Find every line in the records that holds the string "equiv". Copy each one.

[THE DATA Boundary: Start]

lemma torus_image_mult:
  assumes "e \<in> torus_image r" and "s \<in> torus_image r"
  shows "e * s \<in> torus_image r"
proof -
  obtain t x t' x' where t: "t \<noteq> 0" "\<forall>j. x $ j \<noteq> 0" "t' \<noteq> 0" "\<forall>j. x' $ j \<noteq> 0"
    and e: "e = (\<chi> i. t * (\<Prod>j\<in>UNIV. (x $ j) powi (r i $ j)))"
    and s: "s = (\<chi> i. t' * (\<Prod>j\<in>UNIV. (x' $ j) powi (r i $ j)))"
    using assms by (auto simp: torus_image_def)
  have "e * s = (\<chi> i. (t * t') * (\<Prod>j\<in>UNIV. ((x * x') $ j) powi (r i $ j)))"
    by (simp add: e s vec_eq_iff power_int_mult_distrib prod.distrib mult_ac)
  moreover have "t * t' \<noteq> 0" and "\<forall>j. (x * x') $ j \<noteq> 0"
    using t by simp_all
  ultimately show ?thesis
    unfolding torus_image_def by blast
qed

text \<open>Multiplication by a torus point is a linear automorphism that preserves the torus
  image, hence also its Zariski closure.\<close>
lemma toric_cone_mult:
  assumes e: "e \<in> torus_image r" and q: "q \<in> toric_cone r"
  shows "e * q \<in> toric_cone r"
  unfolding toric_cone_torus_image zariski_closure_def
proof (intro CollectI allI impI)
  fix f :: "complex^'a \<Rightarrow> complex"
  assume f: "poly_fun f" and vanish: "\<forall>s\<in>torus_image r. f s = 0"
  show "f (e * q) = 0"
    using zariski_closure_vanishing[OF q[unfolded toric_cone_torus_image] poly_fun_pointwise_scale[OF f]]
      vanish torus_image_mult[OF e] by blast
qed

[THE DATA Boundary: End]
[THE DATA Boundary: Start]

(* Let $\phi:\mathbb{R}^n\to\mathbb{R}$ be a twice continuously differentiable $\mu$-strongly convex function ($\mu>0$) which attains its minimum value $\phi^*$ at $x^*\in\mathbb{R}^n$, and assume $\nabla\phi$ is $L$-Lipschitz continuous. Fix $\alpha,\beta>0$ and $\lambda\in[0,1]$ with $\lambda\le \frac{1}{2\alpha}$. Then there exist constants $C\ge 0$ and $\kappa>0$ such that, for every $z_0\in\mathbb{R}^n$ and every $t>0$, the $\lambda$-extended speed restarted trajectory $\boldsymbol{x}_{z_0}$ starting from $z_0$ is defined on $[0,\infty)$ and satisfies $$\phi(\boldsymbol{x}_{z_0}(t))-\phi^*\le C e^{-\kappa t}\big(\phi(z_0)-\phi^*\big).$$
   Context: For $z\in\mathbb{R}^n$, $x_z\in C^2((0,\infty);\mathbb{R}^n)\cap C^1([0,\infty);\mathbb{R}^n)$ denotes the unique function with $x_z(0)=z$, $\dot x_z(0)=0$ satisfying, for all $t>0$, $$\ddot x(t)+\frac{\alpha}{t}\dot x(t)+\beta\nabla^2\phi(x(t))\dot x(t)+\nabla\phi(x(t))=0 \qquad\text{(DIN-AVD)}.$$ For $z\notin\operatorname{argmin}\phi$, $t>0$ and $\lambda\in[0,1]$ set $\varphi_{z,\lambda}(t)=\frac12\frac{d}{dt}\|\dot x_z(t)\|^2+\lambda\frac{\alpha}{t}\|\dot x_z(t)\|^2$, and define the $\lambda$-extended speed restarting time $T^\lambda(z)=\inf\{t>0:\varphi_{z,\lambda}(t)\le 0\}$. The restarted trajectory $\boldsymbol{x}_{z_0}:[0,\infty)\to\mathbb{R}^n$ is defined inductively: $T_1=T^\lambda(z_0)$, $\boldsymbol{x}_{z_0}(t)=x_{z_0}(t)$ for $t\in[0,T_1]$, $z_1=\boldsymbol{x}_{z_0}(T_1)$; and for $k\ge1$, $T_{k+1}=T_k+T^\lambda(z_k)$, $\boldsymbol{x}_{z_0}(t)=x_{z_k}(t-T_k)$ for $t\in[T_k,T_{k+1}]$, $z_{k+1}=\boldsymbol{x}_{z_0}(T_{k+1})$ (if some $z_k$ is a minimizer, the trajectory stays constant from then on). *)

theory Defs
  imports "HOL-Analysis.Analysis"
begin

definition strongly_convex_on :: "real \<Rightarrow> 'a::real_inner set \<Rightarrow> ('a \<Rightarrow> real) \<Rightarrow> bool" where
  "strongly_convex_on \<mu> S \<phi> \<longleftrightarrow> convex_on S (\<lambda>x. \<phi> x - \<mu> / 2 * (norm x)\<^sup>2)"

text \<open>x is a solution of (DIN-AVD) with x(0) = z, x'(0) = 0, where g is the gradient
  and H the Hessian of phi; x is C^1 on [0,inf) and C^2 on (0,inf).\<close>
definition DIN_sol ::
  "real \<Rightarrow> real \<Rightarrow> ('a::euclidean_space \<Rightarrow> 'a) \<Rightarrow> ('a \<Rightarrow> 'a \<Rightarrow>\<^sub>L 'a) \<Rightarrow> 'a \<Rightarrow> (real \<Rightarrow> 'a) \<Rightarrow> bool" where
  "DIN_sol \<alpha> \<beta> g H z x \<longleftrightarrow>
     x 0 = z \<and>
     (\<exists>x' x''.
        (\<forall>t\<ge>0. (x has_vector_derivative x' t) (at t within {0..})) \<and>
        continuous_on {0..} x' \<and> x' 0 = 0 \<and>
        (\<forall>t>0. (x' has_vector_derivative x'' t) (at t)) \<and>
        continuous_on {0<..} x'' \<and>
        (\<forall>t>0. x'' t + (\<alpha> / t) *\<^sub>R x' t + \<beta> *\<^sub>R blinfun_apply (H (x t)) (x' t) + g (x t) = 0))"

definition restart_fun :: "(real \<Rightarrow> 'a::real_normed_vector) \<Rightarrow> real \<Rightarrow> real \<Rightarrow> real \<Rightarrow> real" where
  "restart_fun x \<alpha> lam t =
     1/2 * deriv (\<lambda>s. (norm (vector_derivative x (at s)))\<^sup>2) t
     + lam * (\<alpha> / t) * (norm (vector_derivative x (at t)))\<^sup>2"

[THE DATA Boundary: End]
[THE DATA Boundary: Start]

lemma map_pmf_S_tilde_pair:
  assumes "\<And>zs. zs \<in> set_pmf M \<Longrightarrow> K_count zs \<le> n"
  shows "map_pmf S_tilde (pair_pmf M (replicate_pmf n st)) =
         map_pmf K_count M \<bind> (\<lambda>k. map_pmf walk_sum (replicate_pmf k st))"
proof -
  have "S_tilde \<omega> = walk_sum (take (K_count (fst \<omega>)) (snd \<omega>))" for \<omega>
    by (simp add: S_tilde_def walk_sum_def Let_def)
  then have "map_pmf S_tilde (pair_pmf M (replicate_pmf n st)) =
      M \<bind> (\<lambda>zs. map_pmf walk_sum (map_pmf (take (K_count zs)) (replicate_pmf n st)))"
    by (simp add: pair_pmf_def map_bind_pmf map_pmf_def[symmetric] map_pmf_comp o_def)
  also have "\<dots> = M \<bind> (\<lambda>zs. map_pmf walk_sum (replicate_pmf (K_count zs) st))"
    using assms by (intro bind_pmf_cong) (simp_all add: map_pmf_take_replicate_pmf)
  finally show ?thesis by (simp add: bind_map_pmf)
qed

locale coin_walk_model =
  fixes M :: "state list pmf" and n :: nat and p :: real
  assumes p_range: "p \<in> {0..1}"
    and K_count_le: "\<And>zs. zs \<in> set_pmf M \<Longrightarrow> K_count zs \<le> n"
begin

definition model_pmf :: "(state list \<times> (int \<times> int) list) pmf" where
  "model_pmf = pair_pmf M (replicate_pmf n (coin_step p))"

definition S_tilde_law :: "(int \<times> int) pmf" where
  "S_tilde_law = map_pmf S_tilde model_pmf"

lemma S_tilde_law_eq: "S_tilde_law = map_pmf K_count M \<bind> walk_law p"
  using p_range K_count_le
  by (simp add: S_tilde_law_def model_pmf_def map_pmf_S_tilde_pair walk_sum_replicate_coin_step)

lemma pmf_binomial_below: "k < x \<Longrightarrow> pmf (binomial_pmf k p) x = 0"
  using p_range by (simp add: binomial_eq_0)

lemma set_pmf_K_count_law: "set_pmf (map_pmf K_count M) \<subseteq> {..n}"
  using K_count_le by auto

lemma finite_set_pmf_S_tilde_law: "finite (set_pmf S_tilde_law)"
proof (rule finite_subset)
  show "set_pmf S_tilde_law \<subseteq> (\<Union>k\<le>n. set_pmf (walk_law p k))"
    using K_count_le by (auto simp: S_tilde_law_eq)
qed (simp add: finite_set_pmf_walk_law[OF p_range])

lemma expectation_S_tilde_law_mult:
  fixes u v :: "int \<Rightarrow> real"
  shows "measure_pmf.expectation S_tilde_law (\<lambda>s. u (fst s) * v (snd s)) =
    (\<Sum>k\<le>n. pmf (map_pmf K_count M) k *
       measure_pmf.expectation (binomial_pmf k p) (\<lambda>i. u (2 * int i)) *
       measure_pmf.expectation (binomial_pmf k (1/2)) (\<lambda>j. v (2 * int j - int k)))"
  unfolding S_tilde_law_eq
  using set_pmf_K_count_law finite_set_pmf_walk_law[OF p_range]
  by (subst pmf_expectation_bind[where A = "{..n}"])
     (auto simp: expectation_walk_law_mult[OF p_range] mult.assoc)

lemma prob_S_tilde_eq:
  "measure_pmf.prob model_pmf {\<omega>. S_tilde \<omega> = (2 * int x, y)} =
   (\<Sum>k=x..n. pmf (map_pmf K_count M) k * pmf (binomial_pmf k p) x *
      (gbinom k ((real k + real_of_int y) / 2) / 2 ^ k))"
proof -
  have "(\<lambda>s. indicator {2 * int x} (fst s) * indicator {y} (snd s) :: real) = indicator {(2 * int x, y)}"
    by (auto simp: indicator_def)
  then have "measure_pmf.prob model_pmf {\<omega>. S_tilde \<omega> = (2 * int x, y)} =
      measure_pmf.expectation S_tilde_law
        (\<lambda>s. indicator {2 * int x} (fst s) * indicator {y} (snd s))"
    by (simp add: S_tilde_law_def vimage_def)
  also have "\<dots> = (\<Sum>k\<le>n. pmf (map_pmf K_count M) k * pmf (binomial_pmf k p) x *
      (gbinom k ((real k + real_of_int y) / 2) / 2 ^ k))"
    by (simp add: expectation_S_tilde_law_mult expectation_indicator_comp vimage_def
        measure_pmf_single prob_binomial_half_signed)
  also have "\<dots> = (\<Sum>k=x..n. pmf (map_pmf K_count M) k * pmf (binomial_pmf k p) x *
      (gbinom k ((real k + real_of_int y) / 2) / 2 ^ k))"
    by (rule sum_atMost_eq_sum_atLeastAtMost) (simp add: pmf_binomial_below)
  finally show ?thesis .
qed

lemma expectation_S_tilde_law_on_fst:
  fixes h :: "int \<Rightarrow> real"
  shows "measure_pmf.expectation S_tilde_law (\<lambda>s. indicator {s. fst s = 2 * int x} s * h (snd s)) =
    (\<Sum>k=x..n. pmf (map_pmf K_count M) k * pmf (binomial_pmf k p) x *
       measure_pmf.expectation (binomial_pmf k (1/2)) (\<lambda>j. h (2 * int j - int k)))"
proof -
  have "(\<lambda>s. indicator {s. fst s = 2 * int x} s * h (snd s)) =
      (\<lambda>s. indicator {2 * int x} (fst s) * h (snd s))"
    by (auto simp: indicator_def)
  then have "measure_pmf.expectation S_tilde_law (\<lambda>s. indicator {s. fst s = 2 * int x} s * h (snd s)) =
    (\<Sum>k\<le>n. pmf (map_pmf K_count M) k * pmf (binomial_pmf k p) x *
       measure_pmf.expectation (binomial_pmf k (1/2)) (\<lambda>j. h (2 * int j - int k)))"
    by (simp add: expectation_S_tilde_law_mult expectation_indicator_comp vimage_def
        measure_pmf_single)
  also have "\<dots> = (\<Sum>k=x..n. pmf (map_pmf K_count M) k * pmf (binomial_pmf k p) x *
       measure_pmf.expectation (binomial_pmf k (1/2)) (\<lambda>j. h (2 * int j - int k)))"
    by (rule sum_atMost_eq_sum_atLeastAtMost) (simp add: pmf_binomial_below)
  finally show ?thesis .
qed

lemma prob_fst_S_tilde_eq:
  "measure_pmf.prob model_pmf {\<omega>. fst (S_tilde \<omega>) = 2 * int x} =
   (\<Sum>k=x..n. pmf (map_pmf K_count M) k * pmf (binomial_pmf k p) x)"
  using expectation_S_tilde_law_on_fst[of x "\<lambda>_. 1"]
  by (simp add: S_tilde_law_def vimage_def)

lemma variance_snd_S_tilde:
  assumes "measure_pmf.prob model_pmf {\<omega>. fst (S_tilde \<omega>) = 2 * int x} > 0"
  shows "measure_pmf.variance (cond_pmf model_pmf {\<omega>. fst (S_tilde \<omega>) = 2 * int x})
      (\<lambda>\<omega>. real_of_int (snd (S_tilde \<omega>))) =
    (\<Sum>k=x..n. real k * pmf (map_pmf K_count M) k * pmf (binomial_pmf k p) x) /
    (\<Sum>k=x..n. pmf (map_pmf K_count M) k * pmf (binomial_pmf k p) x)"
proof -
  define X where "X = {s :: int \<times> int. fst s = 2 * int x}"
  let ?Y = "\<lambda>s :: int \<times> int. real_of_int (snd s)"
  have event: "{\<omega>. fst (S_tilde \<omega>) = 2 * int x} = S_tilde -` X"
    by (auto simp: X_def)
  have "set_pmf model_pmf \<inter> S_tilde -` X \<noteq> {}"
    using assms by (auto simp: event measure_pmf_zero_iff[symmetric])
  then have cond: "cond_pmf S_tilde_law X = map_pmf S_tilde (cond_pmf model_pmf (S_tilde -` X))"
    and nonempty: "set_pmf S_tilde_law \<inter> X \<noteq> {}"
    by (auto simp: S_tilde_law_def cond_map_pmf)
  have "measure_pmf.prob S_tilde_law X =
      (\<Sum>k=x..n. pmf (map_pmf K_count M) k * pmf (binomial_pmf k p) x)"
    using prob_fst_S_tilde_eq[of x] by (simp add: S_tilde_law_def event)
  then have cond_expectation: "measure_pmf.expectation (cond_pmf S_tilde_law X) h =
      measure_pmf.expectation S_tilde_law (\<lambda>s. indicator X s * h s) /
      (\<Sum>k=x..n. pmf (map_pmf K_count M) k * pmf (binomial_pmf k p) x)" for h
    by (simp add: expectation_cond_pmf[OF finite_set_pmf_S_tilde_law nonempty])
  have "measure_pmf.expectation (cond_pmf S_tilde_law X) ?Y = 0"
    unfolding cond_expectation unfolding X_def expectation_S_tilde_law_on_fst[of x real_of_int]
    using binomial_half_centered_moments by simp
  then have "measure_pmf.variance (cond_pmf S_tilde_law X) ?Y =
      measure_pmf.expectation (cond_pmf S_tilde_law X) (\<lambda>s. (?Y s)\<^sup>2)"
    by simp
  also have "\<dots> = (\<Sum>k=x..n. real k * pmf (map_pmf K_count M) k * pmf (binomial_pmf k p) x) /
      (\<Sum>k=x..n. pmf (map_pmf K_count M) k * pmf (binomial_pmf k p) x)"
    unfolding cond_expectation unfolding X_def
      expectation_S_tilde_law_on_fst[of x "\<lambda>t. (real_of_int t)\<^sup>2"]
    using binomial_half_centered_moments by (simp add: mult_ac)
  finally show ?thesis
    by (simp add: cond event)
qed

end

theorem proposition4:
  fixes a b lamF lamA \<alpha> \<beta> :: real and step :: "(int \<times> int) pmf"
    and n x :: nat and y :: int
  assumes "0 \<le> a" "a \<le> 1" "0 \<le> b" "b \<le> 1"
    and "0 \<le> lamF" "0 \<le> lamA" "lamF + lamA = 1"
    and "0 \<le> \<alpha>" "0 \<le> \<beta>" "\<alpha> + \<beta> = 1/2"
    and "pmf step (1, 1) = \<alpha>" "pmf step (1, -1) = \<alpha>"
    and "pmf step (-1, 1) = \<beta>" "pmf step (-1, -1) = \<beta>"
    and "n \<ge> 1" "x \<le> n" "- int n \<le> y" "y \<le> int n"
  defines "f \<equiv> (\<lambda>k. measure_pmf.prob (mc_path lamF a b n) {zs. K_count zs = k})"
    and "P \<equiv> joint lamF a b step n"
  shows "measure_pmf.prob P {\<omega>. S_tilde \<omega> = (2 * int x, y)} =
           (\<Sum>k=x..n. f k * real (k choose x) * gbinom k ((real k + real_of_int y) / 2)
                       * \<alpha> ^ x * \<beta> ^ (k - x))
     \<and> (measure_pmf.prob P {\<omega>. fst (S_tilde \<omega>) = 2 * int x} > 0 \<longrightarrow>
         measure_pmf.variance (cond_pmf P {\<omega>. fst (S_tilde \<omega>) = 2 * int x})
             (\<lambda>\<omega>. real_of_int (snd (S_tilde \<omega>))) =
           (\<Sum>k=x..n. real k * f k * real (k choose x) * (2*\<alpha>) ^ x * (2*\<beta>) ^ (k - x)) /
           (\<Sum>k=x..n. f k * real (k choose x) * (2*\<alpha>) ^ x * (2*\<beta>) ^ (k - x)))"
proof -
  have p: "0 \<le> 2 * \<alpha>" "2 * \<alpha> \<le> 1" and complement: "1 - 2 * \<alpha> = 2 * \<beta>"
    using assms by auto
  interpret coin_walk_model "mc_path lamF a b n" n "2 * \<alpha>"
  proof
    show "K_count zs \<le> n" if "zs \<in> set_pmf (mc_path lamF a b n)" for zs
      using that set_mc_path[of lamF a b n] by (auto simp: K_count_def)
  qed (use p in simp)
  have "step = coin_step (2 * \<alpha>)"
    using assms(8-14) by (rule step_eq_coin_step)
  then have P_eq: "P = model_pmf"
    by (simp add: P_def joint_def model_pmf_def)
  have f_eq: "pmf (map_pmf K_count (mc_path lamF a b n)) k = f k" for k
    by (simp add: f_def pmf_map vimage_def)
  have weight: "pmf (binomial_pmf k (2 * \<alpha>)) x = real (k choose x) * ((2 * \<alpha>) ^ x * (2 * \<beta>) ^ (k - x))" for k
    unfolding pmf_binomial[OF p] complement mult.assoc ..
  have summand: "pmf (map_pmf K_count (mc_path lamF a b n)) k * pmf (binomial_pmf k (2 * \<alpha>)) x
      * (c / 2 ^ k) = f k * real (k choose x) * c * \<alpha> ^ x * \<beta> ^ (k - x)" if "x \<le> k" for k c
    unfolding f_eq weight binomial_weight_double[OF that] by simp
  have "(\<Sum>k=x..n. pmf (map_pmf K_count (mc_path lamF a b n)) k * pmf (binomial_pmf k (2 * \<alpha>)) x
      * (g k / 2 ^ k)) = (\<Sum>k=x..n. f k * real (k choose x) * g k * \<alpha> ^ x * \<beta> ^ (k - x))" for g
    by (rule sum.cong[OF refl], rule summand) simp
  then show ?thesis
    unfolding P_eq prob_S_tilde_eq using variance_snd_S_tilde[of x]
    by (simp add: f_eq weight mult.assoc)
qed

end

[THE DATA Boundary: End]

YOUR SOLUTION:
  defines "f \<equiv> (\<lambda>k. measure_pmf.prob (mc_path lamF a b n) {zs. K_count zs = k})"
    and "P \<equiv> joint lamF a b step n"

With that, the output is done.